Friday, February 3, 2012
Command Post Tundra Step by Step
Let's get started...with sky. I knew I wanted some kind of command base, and I knew I wanted it to be somewhat neutral - neither good or bad, so I went with an overcast type sky.
And of course, being from Washington State originally, where it looks like this most of the time, I put in some Cascade Mountain type terrain formations, because it seemed to fit the sky.
In photoshop, you can generate perspective grid, so I created a quick grid, to help build out the the forms. I knew going in I wanted some kind of oppressive block, set in nature...so this is the first pass.
After I got it set up, I took a little bit of time to insert details, but again...if it's not really working from the very first rough stage, it's not going to work when you add color and details. So good bye to you. building.
Just to break up my approach, I just winged out another idea. Which I love, but it is not what I had in mind for the image, nor does it fit with the background. In this rough stage, in seems like it could be a docking station for a gnarly pirate space ship - if it got developed further, I think it could be pretty cool. But not for this one, save it for later maybe.
OK, now I'm on to something, an image that I had in my head, but had a little trouble articulating it as an image. I also thought of lifting it off the ground, as if the construction crew did a mountain-top removal before building. The thought being that they could fortify the defenses against a ground attack, and give it a better overall sense of scale.
This is where I employ the focus passes from the Roman Lion and Predator images - I start to develop the colors and details, using more opaque colors and smaller brush sizes.

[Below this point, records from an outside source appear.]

lemma ideal_prod_subset:
  assumes J: "is_ideal J"
  shows "ideal_prod I J \<subseteq> J"
proof
  fix x assume "x \<in> ideal_prod I J"
  then obtain m :: nat and f g where fg: "\<forall>i<m. f i \<in> I \<and> g i \<in> J" "x = (\<Sum>i<m. f i * g i)"
    unfolding ideal_prod_def by blast
  show "x \<in> J"
    unfolding fg(2) by (rule ideal_sum[OF J]) (use fg(1) ideal_lmult[OF J] in auto)
qed

lemma ideal_prod_mem: "a \<in> I \<Longrightarrow> b \<in> J \<Longrightarrow> a * b \<in> ideal_prod I J"
  unfolding ideal_prod_def
  by (rule CollectI, rule exI[of _ 1], rule exI[of _ "\<lambda>_. a"], rule exI[of _ "\<lambda>_. b"]) simp

lemma ideal_pow_ideal: "is_ideal M \<Longrightarrow> is_ideal (ideal_pow M k)"
proof (cases k)
  case 0
  then show ?thesis by (simp add: is_ideal_def)
qed (simp add: ideal_prod_ideal)

lemma ideal_pow_Suc_subset: "is_ideal M \<Longrightarrow> ideal_pow M (Suc k) \<subseteq> ideal_pow M k"
  by (simp add: ideal_prod_subset ideal_pow_ideal)

lemma ideal_pow_antimono:
  assumes "is_ideal M" "k \<le> K"
  shows "ideal_pow M K \<subseteq> ideal_pow M k"
  using assms(2)
proof (induction K rule: dec_induct)
  case (step K)
  then show ?case using ideal_pow_Suc_subset[OF assms(1), of K] by blast
qed simp

definition finite_residues :: "'a::comm_ring_1 set \<Rightarrow> bool" where
  "finite_residues I \<longleftrightarrow> (\<exists>R. finite R \<and> (\<forall>x. \<exists>r\<in>R. x - r \<in> I))"
lemma C2_on_nth_sorted_sqrt_roots:
  fixes P :: "real poly poly"
  assumes "lead_coeff P = 1" "open U"
    and separated: "\<And>t. t \<in> U \<Longrightarrow> poly (separating_poly P) t \<noteq> 0"
    and split: "\<And>t. t \<in> U \<Longrightarrow> size (proots (eval_param P t)) = degree P"
    and pos: "\<And>t x. t \<in> U \<Longrightarrow> x \<in># proots (eval_param P t) \<Longrightarrow> x > 0"
    and "k < degree P"
  shows "C2_on U (\<lambda>t. rev (sorted_list_of_multiset (image_mset sqrt (proots (eval_param P t)))) ! k)"
proof (rule C2_on_local[OF \<open>open U\<close>])
  fix t0 assume "t0 \<in> U"
  obtain e0 and J :: "(real poly poly \<times> real) multiset" and g where "e0 > 0"
    and roots: "\<And>t. t \<in> ball t0 e0 \<Longrightarrow> proots (eval_param P t) = image_mset (\<lambda>j. g j t) J"
    and C2: "\<And>j. j \<in># J \<Longrightarrow> C2_on (ball t0 e0) (g j)"
    and inj: "\<And>j j'. j \<in># J \<Longrightarrow> j' \<in># J \<Longrightarrow> g j t0 = g j' t0 \<Longrightarrow> j = j'"
    by (rule proots_eval_param_separated_near[OF assms(1) separated split, OF \<open>t0 \<in> U\<close> \<open>t0 \<in> U\<close>])
      (rule that)
  obtain e where "e > 0" "e \<le> e0" "ball t0 e \<subseteq> U"
    using \<open>open U\<close> \<open>t0 \<in> U\<close> \<open>e0 > 0\<close>
    by (metis openE subset_ball min.cobounded1 min.cobounded2 min_less_iff_conj order_trans)
  then have roots_e: "proots (eval_param P t) = image_mset (\<lambda>j. g j t) J" if "t \<in> ball t0 e" for t
    using roots that by auto
  have "size J = degree P"
    using split[OF \<open>t0 \<in> U\<close>] roots_e[of t0] \<open>e > 0\<close> by simp
  obtain \<epsilon> where "0 < \<epsilon>" "\<epsilon> \<le> e"
    and C2_sorted: "C2_on (ball t0 \<epsilon>)
      (\<lambda>t. rev (sorted_list_of_multiset (image_mset (\<lambda>j. sqrt (g j t)) J)) ! k)"
  proof (rule C2_near_nth_sorted_sqrt[OF \<open>e > 0\<close> _ _ inj])
    show "C2_on (ball t0 e) (g j)" if "j \<in># J" for j
      using C2_on_subset[OF C2[OF that]] subset_ball[OF \<open>e \<le> e0\<close>] .
    show "g j t > 0" if "j \<in># J" "t \<in> ball t0 e" for j t
      using pos[of t] roots_e[of t] that \<open>ball t0 e \<subseteq> U\<close> by auto
  qed (use \<open>size J = degree P\<close> \<open>k < degree P\<close> in auto)
  have "image_mset sqrt (proots (eval_param P t)) = image_mset (\<lambda>j. sqrt (g j t)) J" if "t \<in> ball t0 \<epsilon>" for t
    using roots_e[of t] that \<open>\<epsilon> \<le> e\<close> by (simp add: image_mset.compositionality o_def)
  then have "C2_on (ball t0 \<epsilon>)
      (\<lambda>t. rev (sorted_list_of_multiset (image_mset sqrt (proots (eval_param P t)))) ! k)"
    by (intro C2_on_cong[OF open_ball _ C2_sorted]) simp
  with \<open>0 < \<epsilon>\<close> show "\<exists>\<epsilon>>0. C2_on (ball t0 \<epsilon>)
      (\<lambda>t. rev (sorted_list_of_multiset (image_mset sqrt (proots (eval_param P t)))) ! k)"
    by blast
qed

section \<open>Characteristic polynomials of Gram matrices\<close>

lemma det_map_matrix:
  assumes "comm_ring_hom h"
  shows "h (det A) = det (map_matrix h A)"
proof -
  interpret comm_ring_hom h
    by fact
  show ?thesis
    unfolding Determinants.det_def by (simp add: hom_sum hom_mult hom_prod hom_of_int)
qed

definition charmat :: "'a::comm_ring_1^'n^'n \<Rightarrow> 'a poly^'n^'n" where
  "charmat A = (\<chi> i j. (if i = j then [:0, 1:] else 0) - [:A $ i $ j:])"
(* Let $R>r>0$, $\Omega=B_R\setminus\overline{B_r}$, $q=\frac1{2r}-\frac1{2R}$, and let $\varphi\in L^2_0(\partial\Omega)$. Then $$PU(\mathcal{K}^*_{\partial\Omega}[\varphi])(k)=\frac12e^{-|k|q}\begin{bmatrix}-1&0\\0&1\end{bmatrix}P\,(U\varphi)(k)\quad\text{for a.e. } k\in\mathbb{R}.$$
   Context: Identify $\mathbb{R}^2$ with $\mathbb{C}$ and let $\Psi(z)=1/z$. For $a\in\mathbb{R}\setminus\{0\}$, $B_a$ is the open disk of radius $|a|$ centered at $(a,0)$. $\Psi$ maps $\partial B_R\setminus\{0\}$ onto the line $\{x=\frac1{2R}\}$ and $\partial B_r\setminus\{0\}$ onto $\{x=\frac1{2r}\}$. For $a>0$ let $h_a(y)=1/((2a)^{-2}+y^2)$. For a function $\varphi$ on $\partial\Omega=\partial B_R\cup\partial B_r$ put $\varphi_R(t)=\varphi(\Psi(\frac1{2R},t))$, $\varphi_r(t)=\varphi(\Psi(\frac1{2r},t))$, $t\in\mathbb{R}$; arclength is $d\sigma=h_R(t)dt$ on $\partial B_R$ and $h_r(t)dt$ on $\partial B_r$. $L^2_0(\partial\Omega)=\{\varphi\in L^2(\partial\Omega,d\sigma):\int_{\partial\Omega}\varphi\,d\sigma=0\}$. Fourier transform: $\mathcal{F}(g)(k)=\frac1{\sqrt{2\pi}}\int_{\mathbb{R}}g(y)e^{-iky}dy$; $U\varphi=(\mathcal{F}(h_R\varphi_R),\mathcal{F}(h_r\varphi_r))^T$; $P=\frac1{\sqrt2}\begin{bmatrix}-1&1\\1&1\end{bmatrix}$. The Neumann–Poincaré operator on $\partial\Omega$ (normal $\nu$ outward from $\Omega$: outward from $B_R$ on $\partial B_R$, into $B_r$ on $\partial B_r$) is given for $\varphi\in L^2(\partial\Omega)$ by $$\mathcal{K}^*_{\partial\Omega}[\varphi](\Psi(\tfrac1{2R},y))=\frac1{4\pi R}\int_{\partial\Omega}\varphi\,d\sigma+\frac1{2\pi h_R(y)}\int_{\mathbb{R}}\frac{q}{q^2+(y-t)^2}\varphi_r(t)h_r(t)\,dt,$$ $$\mathcal{K}^*_{\partial\Omega}[\varphi](\Psi(\tfrac1{2r},y))=-\frac1{4\pi r}\int_{\partial\Omega}\varphi\,d\sigma+\frac1{2\pi h_r(y)}\int_{\mathbb{R}}\frac{q}{q^2+(y-t)^2}\varphi_R(t)h_R(t)\,dt.$$ (This is $\mathcal{K}^*_{\partial B_R}[\varphi_R]+\partial_\nu\mathcal{S}_{\partial B_r}[\varphi_r]$ on $\partial B_R$ and $\partial_\nu\mathcal{S}_{\partial B_R}[\varphi_R]+\mathcal{K}^*_{\partial B_r}[\varphi_r]$ on $\partial B_r$, where $\mathcal{S}_{\partial B}[\psi](x)=\frac1{2\pi}\int_{\partial B}\ln|x-y|\psi(y)d\sigma(y)$.) *)

theory Defs
  imports "HOL-Analysis.Analysis"
begin
definition transforms :: "nat \<Rightarrow> 'a::field_gcd \<Rightarrow> 'a \<Rightarrow> 'a \<Rightarrow> 'a \<Rightarrow> 'a \<Rightarrow> 'a poly fract
     \<Rightarrow> 'a poly fract \<Rightarrow> 'a poly fract \<Rightarrow> bool" where
  "transforms p \<alpha> \<beta> \<gamma> \<delta> lam h f f' \<longleftrightarrow>
     \<alpha> * \<delta> - \<beta> * \<gamma> \<noteq> 0 \<and> lam ^ p = lam \<and> lam \<noteq> 0 \<and>
     rcomp f (mobius \<alpha> \<beta> \<gamma> \<delta>) = rconst lam * f' + h ^ p - h"

end

theory Submission
  imports Defs
begin

text \<open>The proof only looks at pole orders. Write g and g' for the two forms. For a Moebius
  transformation N the pole order at \<infinity> of g \<circ> N is the pole order of g at N(\<infinity>): d 1, d 2,
  d 3 or d j at \<infinity>, 0, 1 or \<theta> j, and nonpositive elsewhere; all these orders are prime to p.
  A term h ^ p - h has pole order at \<infinity> that is nonpositive or divisible by p, so it cannot
  disturb a pole order prime to p. Pulling the identity g \<circ> M = \<lambda> g' + h ^ p - h back by
  suitable N therefore shows that M fixes \<infinity>, 0 and 1, whose pole orders d 1 > d 2 > d 3 occur
  nowhere else, so M is the identity. Then g - \<lambda> g' = h ^ p - h, and at every point the
  principal part of g - \<lambda> g' has no exponent divisible by p; this forces h to have no poles at
  all, so h is a constant c, and comparing constant terms at \<infinity> gives c ^ p = c.\<close>

section \<open>Pole order at infinity\<close>

text \<open>fdeg f is the order of the pole of f at \<infinity> (the negated order of its zero there); at
  f = 0 it is the junk value 0, which fdeg_le and has_fdeg work around.\<close>

definition fdeg :: "'a::field_gcd poly fract \<Rightarrow> int" where
  "fdeg f = int (degree (fst (quot_of_fract f))) - int (degree (snd (quot_of_fract f)))"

While I was pretty happy with how it was going over all, I wanted to add in a little bit more to the compositions, to both offset the new construction details to the structure, and give some more scale examples. So I dropped in a ship, following in some landing lights. Unless there's a person there, it's still a little abstract, but the lights are meant to be about light pole size, and the ship is a transporter, about Blackhawk copter sized.
And here is the final, tightened up, to a point. The goal was to only spend a day on this, but since I had a go around with what the building would be, I think it stretched to about 10 hours overall. But I thought this was a good place to leave it, it's always open to go back and spend more days on it, really tightening up the details, and exhaustively complete the design. But, you wouldn't get a better idea overall of the theme and location than with just this.
So, after another go at environments, I'm happy with this quick render background, now it's time to try some quick render characters...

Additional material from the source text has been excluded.